Expected behavior Drydock should complete deployment of nodes.

Environment

Detailed logs within drydock `Installing Drydock Boot Actions.start: cmd-install/stage-late/drydock_01/cmd-in-target: curtin command in-target

Running command ['mount', '--bind', '/dev', '/tmp/tmpt3f8gvqn/target/dev'] with allowed return codes [0] (capture=False) Running command ['mount', '--bind', '/proc', '/tmp/tmpt3f8gvqn/target/proc'] with allowed return codes [0] (capture=False) Running command ['mount', '--bind', '/run', '/tmp/tmpt3f8gvqn/target/run'] with allowed return codes [0] (capture=False) Running command ['mount', '--bind', '/sys', '/tmp/tmpt3f8gvqn/target/sys'] with allowed return codes [0] (capture=False)
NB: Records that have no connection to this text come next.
(* B11, B12, B13, Aphi are the coefficients of the proposition, simplified using
   cnj w0 = - w0 and cnj w2 = - w1. *)
lemma tw_structure_rescaled_coframe:
  fixes phi F A w0 w1 w2 B11 B12 B13 Aphi :: "'m fn"
  assumes alg: "function_algebra S"
    and derT: "derivation_on S T" and derZ: "derivation_on S Z"
    and phiS: "phi \<in> S" and FS: "F \<in> S"
    and T_cnj: "T (\<lambda>x. cnj (phi x)) = (\<lambda>x. cnj (T phi x))"
    and imag: "\<And>x. cnj (w0 x) = - w0 x" "\<And>x. cnj (w2 x) = - w1 x"
    and F_real: "\<And>x. cnj (F x) = F x"
    and unit: "\<And>x. (F x)\<^sup>2 * (1 - phi x * cnj (phi x)) = 1"
    and B11: "\<And>x. B11 x = (F x)\<^sup>2 * (- 2 * Z F x + 2 * cnj (phi x) * F x * w2 x
        - F x * cnj (Z phi x) - cnj (phi x) * F x * Z phi x - 2 * cnj (phi x) * cnj (Z F x)
        - 2 * phi x * cnj (phi x) * F x * w1 x)"
    and B12: "\<And>x. B12 x = (F x)\<^sup>2 * (2 * phi x * cnj (phi x) * cnj (Z F x)
        + 2 * phi x * F x * w1 x + F x * Z phi x + phi x * F x * cnj (Z phi x)
        + 2 * phi x * Z F x - 2 * phi x * cnj (phi x) * F x * w2 x)"
    and B13: "\<And>x. B13 x = F x ^ 3 * (- cnj (phi x) * (T phi x + 2 * phi x * w0 x)
        + cnj (phi x) * A x - phi x * cnj (A x))"
    and Aphi: "\<And>x. Aphi x = A x - (F x)\<^sup>2 * (T phi x + 2 * phi x * w0 x
        + (phi x)\<^sup>2 * cnj (A x) - phi x * cnj (phi x) * A x)"
  shows "tw_structure T Z (\<lambda>x. - w0 x, A, w2) (cfn 0, F, \<lambda>x. - (F x * phi x))
     (sub1 (sub1 (w0, w1, w2) (scale1 (\<lambda>x. inverse (F x)) (dfun T Z F)))
        (scale1 (\<lambda>x. inverse (F x))
           (add1 (add1 (scale1 B11 theta1) (scale1 B12 theta1bar)) (scale1 B13 theta0))))
     (scale1 Aphi (conj1 (cfn 0, F, \<lambda>x. - (F x * phi x))))"
    (is "tw_structure _ _ ?D ?vt ?omega ?tau")
proof -
  have cphiS: "(\<lambda>x. cnj (phi x)) \<in> S" using function_algebra_cnj[OF alg phiS] .
  have Fphi: "(\<lambda>x. F x * phi x) \<in> S" using function_algebra_mult[OF alg FS phiS] .
  have F_inverse: "F x * inverse (F x) = 1" for x
    using unit[of x] by (cases "F x = 0") auto
  have TF: "2 * T F x = F x ^ 3 * (cnj (phi x) * T phi x + phi x * cnj (T phi x))" for x
    using derivation_on_inverse_sqrt[OF alg derT FS function_algebra_mult[OF alg phiS cphiS] unit]
      derivation_on_mult[OF derT phiS cphiS] T_cnj by simp
  have TF_real: "cnj (T F x) = T F x" for x
  proof -
    have "cnj (2 * T F x) = cnj (F x ^ 3 * (cnj (phi x) * T phi x + phi x * cnj (T phi x)))"
      by (simp only: TF)
    also have "\<dots> = 2 * T F x"
      by (simp add: TF F_real algebra_simps)
    finally show ?thesis by simp
  qed
  have d_vt: "d1 T Z ?D ?vt =
    (\<lambda>x. T F x - F x * w0 x - F x * phi x * cnj (A x),
     \<lambda>x. F x * A x - (F x * T phi x + phi x * T F x) - F x * phi x * w0 x,
     \<lambda>x. - cnj (Z F x) + F x * w2 x - (F x * Z phi x + phi x * Z F x) - F x * phi x * w1 x)"
    using d1_horizontal[OF derT derZ] derivation_on_uminus[OF alg derT Fphi]
      derivation_on_uminus[OF alg derZ Fphi] derivation_on_mult[OF derT FS phiS]
      derivation_on_mult[OF derZ FS phiS]
    by (simp add: zbar_real[OF F_real] imag fun_eq_iff algebra_simps)
  have imag_w1: "cnj (w1 x) = - w2 x" for x
    using cnj_eq_minus_swap[OF imag(2)] .
  have omega: "?omega =
    (\<lambda>x. w0 x - inverse (F x) * (T F x + B13 x),
     \<lambda>x. w1 x - inverse (F x) * (Z F x + B11 x),
     \<lambda>x. w2 x - inverse (F x) * (cnj (Z F x) + B12 x))"
    by (simp add: sub1_def add1_def scale1_def dfun_def zbar_real[OF F_real] theta0_def theta1_def theta1bar_def
        cfn_def fun_eq_iff algebra_simps)
  have tau: "?tau = scale1 Aphi (\<lambda>_. 0, \<lambda>x. - (F x * cnj (phi x)), F)"
    by (simp add: conj1_def cnjf_def cfn_def F_real)
  have "d1 T Z ?D ?vt = add2 (wedge ?vt ?omega) (wedge theta0 ?tau)"
    unfolding d_vt omega tau
    apply (simp add: wedge_def add2_def scale1_def theta0_def cfn_def fun_eq_iff)
    apply (intro conjI allI)
    subgoal for x unfolding B13 Aphi using unit[of x] TF[of x] F_inverse[of x] by algebra
    subgoal for x unfolding B13 Aphi using unit[of x] TF[of x] F_inverse[of x] by algebra
    subgoal for x unfolding B11 B12 using unit[of x] F_inverse[of x] by algebra
    done
  moreover have "add1 ?omega (conj1 ?omega) = zero1"
    unfolding omega add1_conj1_eq_zero1_iff
    apply (simp add: B11 B12 B13 imag imag_w1 F_real TF_real)
    apply (intro conjI allI)
    subgoal for x using unit[of x] TF[of x] F_inverse[of x] by algebra
    subgoal for x using unit[of x] F_inverse[of x] by algebra
    done
  ultimately show ?thesis
    unfolding tw_structure_def by blast
qed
Running command ['unshare', '--help'] with allowed return codes [0] (capture=True)Running command ['unshare', '--fork', '--pid', '--', 'chroot', '/tmp/tmpt3f8gvqn/target', 'wget', '--no-proxy', '--no-check-certificate', '--header=X-Bootaction-Key: e27bba27178686a0112252ab215042a4a85a3aa76978be5b2d3cba845c770491', 'https://drydock-nc.att-5gcore.bete.ericy.com/api/v1.0/bootactions/nodes/att5gc19/units', '-O', '/tmp/bootaction-units.tar.gz'] with allowed return codes [0] (capture=False)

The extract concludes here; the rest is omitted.